TASK BRIEF: Write out the stretch of lines below that begins at the line with "s \<Longrightarrow> subw_ind" and ends at the line with "(u1 @ concat", including both, exactly as given and nothing more.

====

(* Let $d\ge1$, let $v\in(\Sigma^d)^*$ be nonempty, let $r\in[0,d-1]$ and let $w$ be the length-$r$ prefix of $v$. Then $\downarrow_{\preceq_d}(v^*w)=\{u\in\Sigma^*\mid |u|\equiv r \pmod d \text{ and } \kappa_d(u)(i)\subseteq\kappa_d(v)(i)\text{ for all }i\in[1,d]\}$.
   Context: $u\preceq_d v$ iff $v$ arises from $u$ by inserting factors whose lengths are divisible by $d$, i.e. $u=u_0\cdots u_n$ and $v=u_0v_1u_1\cdots v_nu_n$ with $d\mid |v_i|$. For $w\in\Sigma^*$ and $i\in[1,d]$, $\kappa_d(w)(i)$ is the set of letters $a\in\Sigma$ that occur in $w$ at some position $p$ (positions numbered from $1$) with $p\equiv i\pmod d$. $\downarrow_{\preceq_d}S=\{x\mid\exists s\in S: x\preceq_d s\}$. *)

theory Defs
  imports Main
begin

text \<open>u \<preceq>_d v: v arises from u = u_0 ... u_n by inserting factors v_1..v_n
  with d dividing each |v_i|: v = u_0 v_1 u_1 ... v_n u_n.\<close>
definition subw_d :: "nat \<Rightarrow> 'a list \<Rightarrow> 'a list \<Rightarrow> bool" where
  "subw_d d u v \<longleftrightarrow>
     (\<exists>us vs. length us = Suc (length vs) \<and> u = concat us \<and>
        v = hd us @ concat (map (\<lambda>(x, y). x @ y) (zip vs (tl us))) \<and>
        (\<forall>x\<in>set vs. d dvd length x))"

definition kappa :: "nat \<Rightarrow> 'a list \<Rightarrow> nat \<Rightarrow> 'a set" where
  "kappa d w i = {a. \<exists>p\<in>{1..length w}. w ! (p - 1) = a \<and> p mod d = i mod d}"

definition down_d :: "nat \<Rightarrow> 'a list set \<Rightarrow> 'a list set" where
  "down_d d S = {x. \<exists>s\<in>S. subw_d d x s}"

definition star_conc :: "'a list \<Rightarrow> 'a list \<Rightarrow> 'a list set" where
  "star_conc v w = {concat (replicate n v) @ w | n. True}"

end

theory Submission
  imports Defs
begin

text \<open>Every word of \<open>v\<^sup>* w\<close> is a prefix of the periodic word \<open>v\<^sup>\<omega>\<close>, and
  position \<open>p\<close> of \<open>v\<^sup>\<omega>\<close> carries the letter \<open>v ! (p mod |v|)\<close>, whose residue class modulo \<open>d\<close>
  is that of \<open>p\<close> because \<open>d\<close> divides \<open>|v|\<close>. Inserting blocks of length divisible by \<open>d\<close> preserves
  residues of positions and of the length, which gives the inclusion from left to right.
  Conversely, a word \<open>u\<close> satisfying the residue conditions is embedded into a prefix of
  \<open>v\<^sup>\<omega>\<close> letter by letter: the next letter of \<open>u\<close> occurs in \<open>v\<close> at a position \<open>q\<close> of the right
  residue, so one skips ahead to the next occurrence of position \<open>q\<close> in \<open>v\<^sup>\<omega>\<close>, which is a
  jump of length divisible by \<open>d\<close>. Finally the prefix is padded by a block of length divisible
  by \<open>d\<close> to reach a word of the form \<open>v\<^sup>n w\<close>.\<close>

inductive subw_ind :: "nat \<Rightarrow> 'a list \<Rightarrow> 'a list \<Rightarrow> bool" for d where
  Nil: "subw_ind d [] []"
| Cons: "subw_ind d u s \<Longrightarrow> subw_ind d (a # u) (a # s)"
| insert: "subw_ind d u s \<Longrightarrow> d dvd length x \<Longrightarrow> subw_ind d u (x @ s)"

lemma subw_ind_refl: "subw_ind d u u"
  by (induction u) (auto intro: subw_ind.intros)

lemma subw_ind_append:
  "subw_ind d u1 s1 \<Longrightarrow> subw_ind d u2 s2 \<Longrightarrow> subw_ind d (u1 @ u2) (s1 @ s2)"
  by (induction rule: subw_ind.induct) (auto intro: subw_ind.intros)

lemma subw_ind_append_right:
  assumes "subw_ind d u s" and "d dvd length x"
  shows "subw_ind d u (s @ x)"
  using subw_ind_append[OF assms(1) subw_ind.insert[OF subw_ind.Nil assms(2)]] by simp

lemma subw_ind_imp_subw_d: "subw_ind d u s \<Longrightarrow> subw_d d u s"
proof (induction rule: subw_ind.induct)
  case Nil
  show ?case unfolding subw_d_def by (rule exI[of _ "[[]]"], rule exI[of _ "[]"]) simp
next
  case (Cons u s a)
  then obtain u0 us vs where "length us = length vs" "u = u0 @ concat us"
    "s = u0 @ concat (map (\<lambda>(x, y). x @ y) (zip vs us))" "\<forall>x\<in>set vs. d dvd length x"
    unfolding subw_d_def by (metis concat.simps(2) length_Suc_conv list.sel(1,3))
  then show ?case unfolding subw_d_def
    by (intro exI[of _ "(a # u0) # us"] exI[of _ vs]) auto
next
  case (insert u s x)
  then obtain us vs where "length us = Suc (length vs)" "u = concat us"
    "s = hd us @ concat (map (\<lambda>(x, y). x @ y) (zip vs (tl us)))" "\<forall>x\<in>set vs. d dvd length x"
    unfolding subw_d_def by blast
  with insert.hyps(2) show ?case unfolding subw_d_def
    by (intro exI[of _ "[] # us"] exI[of _ "x # vs"]) (cases us; auto)
qed

lemma subw_ind_interleave:
  "length us = Suc (length vs) \<Longrightarrow> \<forall>x\<in>set vs. d dvd length x \<Longrightarrow>
   subw_ind d (concat us) (hd us @ concat (map (\<lambda>(x, y). x @ y) (zip vs (tl us))))"
proof (induction vs arbitrary: us)
  case Nil
  then show ?case by (cases us) (auto simp: subw_ind_refl)
next
  case (Cons x vs)
  then obtain u0 u1 us' where us: "us = u0 # u1 # us'"
    by (metis length_Suc_conv)
  have "subw_ind d (concat (u1 # us'))
      (u1 @ concat (map (\<lambda>(x, y). x @ y) (zip vs us')))"
    using Cons.IH[of "u1 # us'"] Cons.prems us by simp
  then have "subw_ind d (concat (u1 # us'))
      (x @ u1 @ concat (map (\<lambda>(x, y). x @ y) (zip vs us')))"
    using Cons.prems by (auto intro: subw_ind.insert)
  from subw_ind_append[OF subw_ind_refl[of d u0] this] show ?case
    using us by simp
qed

lemma subw_d_iff_subw_ind: "subw_d d u s \<longleftrightarrow> subw_ind d u s"
  using subw_ind_imp_subw_d subw_ind_interleave unfolding subw_d_def by blast

lemma subw_ind_length_mod: "subw_ind d u s \<Longrightarrow> length s mod d = length u mod d"
proof (induction rule: subw_ind.induct)
  case (Cons u s a)
  then show ?case by (metis length_Cons mod_Suc_eq)
qed (auto elim: dvdE)

lemma subw_ind_nth:
  "subw_ind d u s \<Longrightarrow> j < length u \<Longrightarrow>
   \<exists>j'<length s. s ! j' = u ! j \<and> j' mod d = j mod d"
proof (induction arbitrary: j rule: subw_ind.induct)
  case (Cons u s a)
  show ?case
  proof (cases j)
    case (Suc j0)
    with Cons obtain j' where "j' < length s" "s ! j' = u ! j0" "j' mod d = j0 mod d" by auto
    moreover from \<open>j' mod d = j0 mod d\<close> have "Suc j' mod d = Suc j0 mod d"
      by (metis mod_Suc_eq)
    ultimately show ?thesis using Suc by (intro exI[of _ "Suc j'"]) auto
  qed auto
next
  case (insert u s x)
  then obtain j' where "j' < length s" "s ! j' = u ! j" "j' mod d = j mod d" by auto
  with insert.hyps(2) show ?case
    by (intro exI[of _ "length x + j'"]) (auto simp: nth_append)
qed auto

lemma mem_kappa_iff: "a \<in> kappa d w i \<longleftrightarrow> (\<exists>j<length w. w ! j = a \<and> Suc j mod d = i mod d)"
  unfolding kappa_def
proof safe
  fix p assume "p \<in> {1..length w}" "p mod d = i mod d"
  then show "\<exists>j<length w. w ! j = w ! (p - 1) \<and> Suc j mod d = i mod d"
    by (intro exI[of _ "p - 1"]) auto
next
  fix j assume "j < length w" "Suc j mod d = i mod d"
  then show "\<exists>p\<in>{1..length w}. w ! (p - 1) = w ! j \<and> p mod d = i mod d"
    by (intro bexI[of _ "Suc j"]) auto
qed

definition residues_embed :: "nat \<Rightarrow> 'a list \<Rightarrow> 'a list \<Rightarrow> bool" where
  "residues_embed d u v \<longleftrightarrow> (\<forall>j<length u. \<exists>q<length v. v ! q = u ! j \<and> q mod d = j mod d)"

lemma kappa_subset_iff:
  assumes "d > 0"
  shows "(\<forall>i\<in>{1..d}. kappa d u i \<subseteq> kappa d v i) \<longleftrightarrow> residues_embed d u v"
  unfolding residues_embed_def
proof
  assume kappa: "\<forall>i\<in>{1..d}. kappa d u i \<subseteq> kappa d v i"
  show "\<forall>j<length u. \<exists>q<length v. v ! q = u ! j \<and> q mod d = j mod d"
  proof (intro allI impI)
    fix j assume "j < length u"
    moreover have i: "Suc (j mod d) \<in> {1..d}" "Suc (j mod d) mod d = Suc j mod d"
      using assms by (auto simp: Suc_le_eq mod_Suc_eq)
    ultimately have "u ! j \<in> kappa d u (Suc (j mod d))"
      unfolding mem_kappa_iff by auto
    with kappa i(1) have "u ! j \<in> kappa d v (Suc (j mod d))" by blast
    then obtain q where q: "q < length v" "v ! q = u ! j" "Suc q mod d = Suc j mod d"
      unfolding mem_kappa_iff i(2) by blast
    from q(3) have "q mod d = j mod d"
      by (metis Zero_not_Suc mod_Suc nat.inject)
    with q(1,2) show "\<exists>q<length v. v ! q = u ! j \<and> q mod d = j mod d" by blast
  qed
next
  assume pos: "\<forall>j<length u. \<exists>q<length v. v ! q = u ! j \<and> q mod d = j mod d"
  show "\<forall>i\<in>{1..d}. kappa d u i \<subseteq> kappa d v i"
  proof (intro ballI subsetI)
    fix i a assume "a \<in> kappa d u i"
    then obtain j where j: "j < length u" "u ! j = a" "Suc j mod d = i mod d"
      unfolding mem_kappa_iff by blast
    with pos obtain q where q: "q < length v" "v ! q = a" "q mod d = j mod d" by blast
    from q(3) j(3) have "Suc q mod d = i mod d" by (metis mod_Suc_eq)
    with q(1,2) show "a \<in> kappa d v i" unfolding mem_kappa_iff by blast
  qed
qed

lemma mult_add_mod_dvd: "d dvd k \<Longrightarrow> (n * k + q) mod d = q mod (d::nat)"
  by (auto elim!: dvdE simp: mult.left_commute[of n d])

definition periodic_prefix :: "'a list \<Rightarrow> nat \<Rightarrow> 'a list" where
  "periodic_prefix v n = map (\<lambda>i. v ! (i mod length v)) [0..<n]"

lemma length_periodic_prefix [simp]: "length (periodic_prefix v n) = n"
  by (simp add: periodic_prefix_def)

lemma nth_periodic_prefix [simp]: "i < n \<Longrightarrow> periodic_prefix v n ! i = v ! (i mod length v)"
  by (simp add: periodic_prefix_def)

lemma periodic_prefix_Suc:
  "periodic_prefix v (Suc n) = periodic_prefix v n @ [v ! (n mod length v)]"
  by (simp add: periodic_prefix_def)

lemma periodic_prefix_split:
  "m \<le> n \<Longrightarrow> periodic_prefix v n = periodic_prefix v m @ drop m (periodic_prefix v n)"
proof -
  assume "m \<le> n"
  then have "take m (periodic_prefix v n) = periodic_prefix v m"
    by (simp add: periodic_prefix_def take_map)
  then show ?thesis by (metis append_take_drop_id)
qed

lemma periodic_prefix_splitngth_add:
  "periodic_prefix v (length v + n) = v @ periodic_prefix v n"
  by (rule nth_equalityI) (auto simp: nth_append le_mod_geq)

lemma concat_replicate_append_take:
  "r \<le> length v \<Longrightarrow> concat (replicate n v) @ take r v = periodic_prefix v (n * length v + r)"
proof (induction n)
  case 0
  show ?case by (rule nth_equalityI) (use 0 in auto)
next
  case (Suc n)
  then show ?case using periodic_prefix_splitngth_add[of v "n * length v + r"] by (simp add: add.assoc)
qed

lemma subw_ind_periodic_prefix_mono:
  "subw_ind d u (periodic_prefix v m) \<Longrightarrow> m \<le> n \<Longrightarrow> n mod d = m mod d \<Longrightarrow>
   subw_ind d u (periodic_prefix v n)"
  by (metis periodic_prefix_split subw_ind_append_right length_drop length_periodic_prefix
      mod_eq_dvd_iff_nat)

lemma subw_ind_periodic_prefix_nth:
  assumes "v \<noteq> []" and "d dvd length v"
    and "subw_ind d u (periodic_prefix v n)"
  shows "residues_embed d u v"
  unfolding residues_embed_def
proof (intro allI impI)
  fix j assume "j < length u"
  obtain p where "p < n" "periodic_prefix v n ! p = u ! j" "p mod d = j mod d"
    using subw_ind_nth[OF assms(3) \<open>j < length u\<close>] by auto
  with assms(1,2) show "\<exists>q<length v. v ! q = u ! j \<and> q mod d = j mod d"
    by (intro exI[of _ "p mod length v"]) (auto simp: mod_mod_cancel)
qed

lemma subw_ind_periodic_prefix_exists:
  assumes "d dvd length v"
    and "residues_embed d u v"
  shows "\<exists>n. n mod d = length u mod d \<and> subw_ind d u (periodic_prefix v n)"
  using assms(2) unfolding residues_embed_def
proof (induction u rule: rev_induct)
  case Nil
  show ?case by (intro exI[of _ 0]) (simp add: periodic_prefix_def subw_ind.Nil)
next
  case (snoc a u)
  then obtain n where n: "n mod d = length u mod d" "subw_ind d u (periodic_prefix v n)"
    by (metis length_append_singleton less_SucI nth_append)
  obtain q where q: "q < length v" "v ! q = a" "q mod d = length u mod d"
    using snoc.prems by (metis length_append_singleton lessI nth_append_length)
  \<comment> \<open>position \<open>m\<close> of \<open>v\<^sup>\<omega>\<close> carries \<open>a\<close> and lies a multiple of \<open>d\<close> beyond \<open>n\<close>\<close>
  define m where "m = n * length v + q"
  have "n \<le> m" using q(1) by (cases "length v") (simp_all add: m_def)
  have "m mod d = n mod d"
    using mult_add_mod_dvd[OF assms(1)] q(3) n(1) by (simp add: m_def)
  then have jump: "d dvd m - n" using \<open>n \<le> m\<close> by (simp add: mod_eq_dvd_iff_nat)
  have "periodic_prefix v (Suc m) = periodic_prefix v n @ drop n (periodic_prefix v m) @ [a]"
    using periodic_prefix_split[OF \<open>n \<le> m\<close>] q(1,2) by (simp add: periodic_prefix_Suc m_def)
  moreover have "subw_ind d [a] (drop n (periodic_prefix v m) @ [a])"
    using jump by (auto intro: subw_ind.insert[OF subw_ind.Cons[OF subw_ind.Nil]])
  ultimately have "subw_ind d (u @ [a]) (periodic_prefix v (Suc m))"
    using subw_ind_append[OF n(2)] by simp
  moreover have "Suc m mod d = length (u @ [a]) mod d"
    using \<open>m mod d = n mod d\<close> n(1) by (metis length_append_singleton mod_Suc_eq)
  ultimately show ?case by blast
qed

lemma subw_ind_periodic_prefix_period_exists:
  assumes "v \<noteq> []" and "d dvd length v" and "length u mod d = r mod d"
    and "residues_embed d u v"
  shows "\<exists>n. subw_ind d u (periodic_prefix v (n * length v + r))"
proof -
  obtain n where n: "n mod d = r mod d" "subw_ind d u (periodic_prefix v n)"
    using subw_ind_periodic_prefix_exists[OF assms(2,4)] assms(3) by auto
  have "n \<le> n * length v + r"
    using assms(1) by (cases "length v") simp_all
  moreover have "(n * length v + r) mod d = n mod d"
    using mult_add_mod_dvd[OF assms(2)] n(1) by simp
  ultimately show ?thesis
    using subw_ind_periodic_prefix_mono[OF n(2)] by blast
qed

lemma mem_down_d_star_conc_take:
  assumes "r \<le> length v"
  shows "u \<in> down_d d (star_conc v (take r v)) \<longleftrightarrow>
    (\<exists>n. subw_ind d u (periodic_prefix v (n * length v + r)))"
  using concat_replicate_append_take[OF assms]
  unfolding down_d_def star_conc_def subw_d_iff_subw_ind by auto

theorem mainTheorem13:
  fixes d r :: nat and v w :: "'a list"
  assumes "d \<ge> 1" and "v \<noteq> []" and "d dvd length v" and "r \<le> d - 1"
    and "w = take r v"
  shows "down_d d (star_conc v w) =
    {u. length u mod d = r mod d \<and> (\<forall>i\<in>{1..d}. kappa d u i \<subseteq> kappa d v i)}"
proof -
  have "r \<le> length v"
    using assms(1-4) dvd_imp_le[of d "length v"] by auto
  note down_iff = mem_down_d_star_conc_take[OF this, folded assms(5)]
  note kappa_iff = kappa_subset_iff[of d _ v] assms(1)
  show ?thesis
  proof (intro set_eqI iffI)
    fix u assume "u \<in> down_d d (star_conc v w)"
    then obtain n where emb: "subw_ind d u (periodic_prefix v (n * length v + r))"
      using down_iff by blast
    have "length u mod d = r mod d"
      using subw_ind_length_mod[OF emb] mult_add_mod_dvd[OF assms(3)] by simp
    with subw_ind_periodic_prefix_nth[OF assms(2,3) emb] kappa_iff
    show "u \<in> {u. length u mod d = r mod d \<and> (\<forall>i\<in>{1..d}. kappa d u i \<subseteq> kappa d v i)}"
      by auto
  next
    fix u assume "u \<in> {u. length u mod d = r mod d \<and> (\<forall>i\<in>{1..d}. kappa d u i \<subseteq> kappa d v i)}"
    with subw_ind_periodic_prefix_period_exists[OF assms(2,3)] kappa_iff down_iff
    show "u \<in> down_d d (star_conc v w)"
      by auto
  qed
qed

end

====

THE COMPLETED TASK:
| Cons: "subw_ind d u s \<Longrightarrow> subw_ind d (a # u) (a # s)"
| insert: "subw_ind d u s \<Longrightarrow> d dvd length x \<Longrightarrow> subw_ind d u (x @ s)"

lemma subw_ind_refl: "subw_ind d u u"
  by (induction u) (auto intro: subw_ind.intros)

lemma subw_ind_append:
  "subw_ind d u1 s1 \<Longrightarrow> subw_ind d u2 s2 \<Longrightarrow> subw_ind d (u1 @ u2) (s1 @ s2)"
  by (induction rule: subw_ind.induct) (auto intro: subw_ind.intros)

lemma subw_ind_append_right:
  assumes "subw_ind d u s" and "d dvd length x"
  shows "subw_ind d u (s @ x)"
  using subw_ind_append[OF assms(1) subw_ind.insert[OF subw_ind.Nil assms(2)]] by simp

lemma subw_ind_imp_subw_d: "subw_ind d u s \<Longrightarrow> subw_d d u s"
proof (induction rule: subw_ind.induct)
  case Nil
  show ?case unfolding subw_d_def by (rule exI[of _ "[[]]"], rule exI[of _ "[]"]) simp
next
  case (Cons u s a)
  then obtain u0 us vs where "length us = length vs" "u = u0 @ concat us"
    "s = u0 @ concat (map (\<lambda>(x, y). x @ y) (zip vs us))" "\<forall>x\<in>set vs. d dvd length x"
    unfolding subw_d_def by (metis concat.simps(2) length_Suc_conv list.sel(1,3))
  then show ?case unfolding subw_d_def
    by (intro exI[of _ "(a # u0) # us"] exI[of _ vs]) auto
next
  case (insert u s x)
  then obtain us vs where "length us = Suc (length vs)" "u = concat us"
    "s = hd us @ concat (map (\<lambda>(x, y). x @ y) (zip vs (tl us)))" "\<forall>x\<in>set vs. d dvd length x"
    unfolding subw_d_def by blast
  with insert.hyps(2) show ?case unfolding subw_d_def
    by (intro exI[of _ "[] # us"] exI[of _ "x # vs"]) (cases us; auto)
qed

lemma subw_ind_interleave:
  "length us = Suc (length vs) \<Longrightarrow> \<forall>x\<in>set vs. d dvd length x \<Longrightarrow>
   subw_ind d (concat us) (hd us @ concat (map (\<lambda>(x, y). x @ y) (zip vs (tl us))))"
proof (induction vs arbitrary: us)
  case Nil
  then show ?case by (cases us) (auto simp: subw_ind_refl)
next
  case (Cons x vs)
  then obtain u0 u1 us' where us: "us = u0 # u1 # us'"
    by (metis length_Suc_conv)
  have "subw_ind d (concat (u1 # us'))
      (u1 @ concat (map (\<lambda>(x, y). x @ y) (zip vs us')))"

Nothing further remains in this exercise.